Required action = In the records below, find the line containing "then obtain x"; give it again exactly, along with every line that follows, and nothing else.
———
(* Let $n \ge k \ge 1$ be integers, let $s \in (0,1)$, $q = 1-s$ and $r = q/s$. Let $S$ be the (finite) set of states defined in the context, and let $P = (p_{xy})_{x,y \in S}$ be the transition matrix $$p_{xy} = r^{\,b(y)}\,\frac{s^k}{1-q^k}\,q^{\,\phi(|y|-|x|)} .$$ Define weights $\omega_x = r^{\,b(x)}$ for $x \in S$ and the probability vector $\nu_x = \omega_x / \sum_{z \in S} \omega_z$. Then $\nu$ is a stationary distribution of $P$, i.e. $\nu_y = \sum_{x \in S} \nu_x p_{xy}$ for every $y \in S$; moreover it is the unique stationary distribution.
   Context: Model: $k$ workers move in one direction around a closed loop of $n$ bins, never passing one another and never occupying the same bin. In each time step each worker moves bin by bin, performing at each bin an independent Bernoulli trial with success probability $s$, until it either has a success (and stops to collect a part) or is blocked by the worker directly ahead, who has stopped (it then ends one bin behind that worker without a success). States record the forward distances between consecutive workers and which workers were blocked. Formal definitions. Let $1^*$ be a formal symbol and set $|1^*| := 1$ and $|m| := m$ for positive integers $m$. The state space $S$ is the set of $k$-tuples $x = (x_1,\dots,x_k)$ with each $x_i \in \{1^*, 1, 2, \dots, n-k+1\}$, such that $\sum_{i=1}^k |x_i| = n$ and at most $k-1$ entries equal $1^*$. ($x_i$ is the distance from worker $i$ forward to worker $i+1$, indices mod $k$; $x_i = 1^*$ means worker $i$ is blocked.) For $x \in S$, $b(x)$ denotes the number of entries equal to $1^*$, and $|x| := (|x_1|,\dots,|x_k|) \in \mathbb{Z}^k$. For $\Delta = (d_1,\dots,d_k) \in \mathbb{Z}^k$ with $\sum_i d_i = 0$, put $\gamma_j = \sum_{i=1}^j d_i$ for $j=1,\dots,k$, and $\phi(\Delta) = \sum_{j=1}^k \bigl(\gamma_j - \min_{1 \le i \le k} \gamma_i\bigr)$. ($\phi(\Delta)$ is the total number of Bernoulli failures needed to change the spacing by $\Delta$ when at least one worker moves zero bins after the common advance.) The matrix $P$ is the transition matrix of the warehouse process on $S$. *)

theory Defs
  imports Complex_Main
begin
section \<open>Ordered eigenvalues of symmetric matrices\<close>

lemma cubic_has_real_root:
  fixes b c d :: real
  shows "\<exists>r. r^3 + b * r^2 + c * r + d = 0"
proof -
  let ?p = "\<lambda>t::real. t^3 + b * t^2 + c * t + d"
  have "eventually (\<lambda>t. ?p t > 0) at_top"
    by real_asymp
  then obtain x where x: "?p x > 0"
    by (auto simp: eventually_at_top_linorder)
  have "eventually (\<lambda>s. ?p (- s) < 0) at_top"
    by real_asymp
  then obtain N where N: "\<And>s. s \<ge> N \<Longrightarrow> ?p (- s) < 0"
    by (auto simp: eventually_at_top_linorder)
  define y where "y = - max N (- x)"
  have y: "?p y < 0" "y \<le> x"
    using N[of "max N (- x)"] by (auto simp: y_def)
  have "continuous_on {y..x} ?p"
    by (intro continuous_intros)
  then show ?thesis
    using IVT'[of ?p y 0 x] x y by force
qed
———
Output for this task =
  then obtain x where x: "?p x > 0"
    by (auto simp: eventually_at_top_linorder)
  have "eventually (\<lambda>s. ?p (- s) < 0) at_top"
    by real_asymp
  then obtain N where N: "\<And>s. s \<ge> N \<Longrightarrow> ?p (- s) < 0"
    by (auto simp: eventually_at_top_linorder)
  define y where "y = - max N (- x)"
  have y: "?p y < 0" "y \<le> x"
    using N[of "max N (- x)"] by (auto simp: y_def)
  have "continuous_on {y..x} ?p"
    by (intro continuous_intros)
  then show ?thesis
    using IVT'[of ?p y 0 x] x y by force
qed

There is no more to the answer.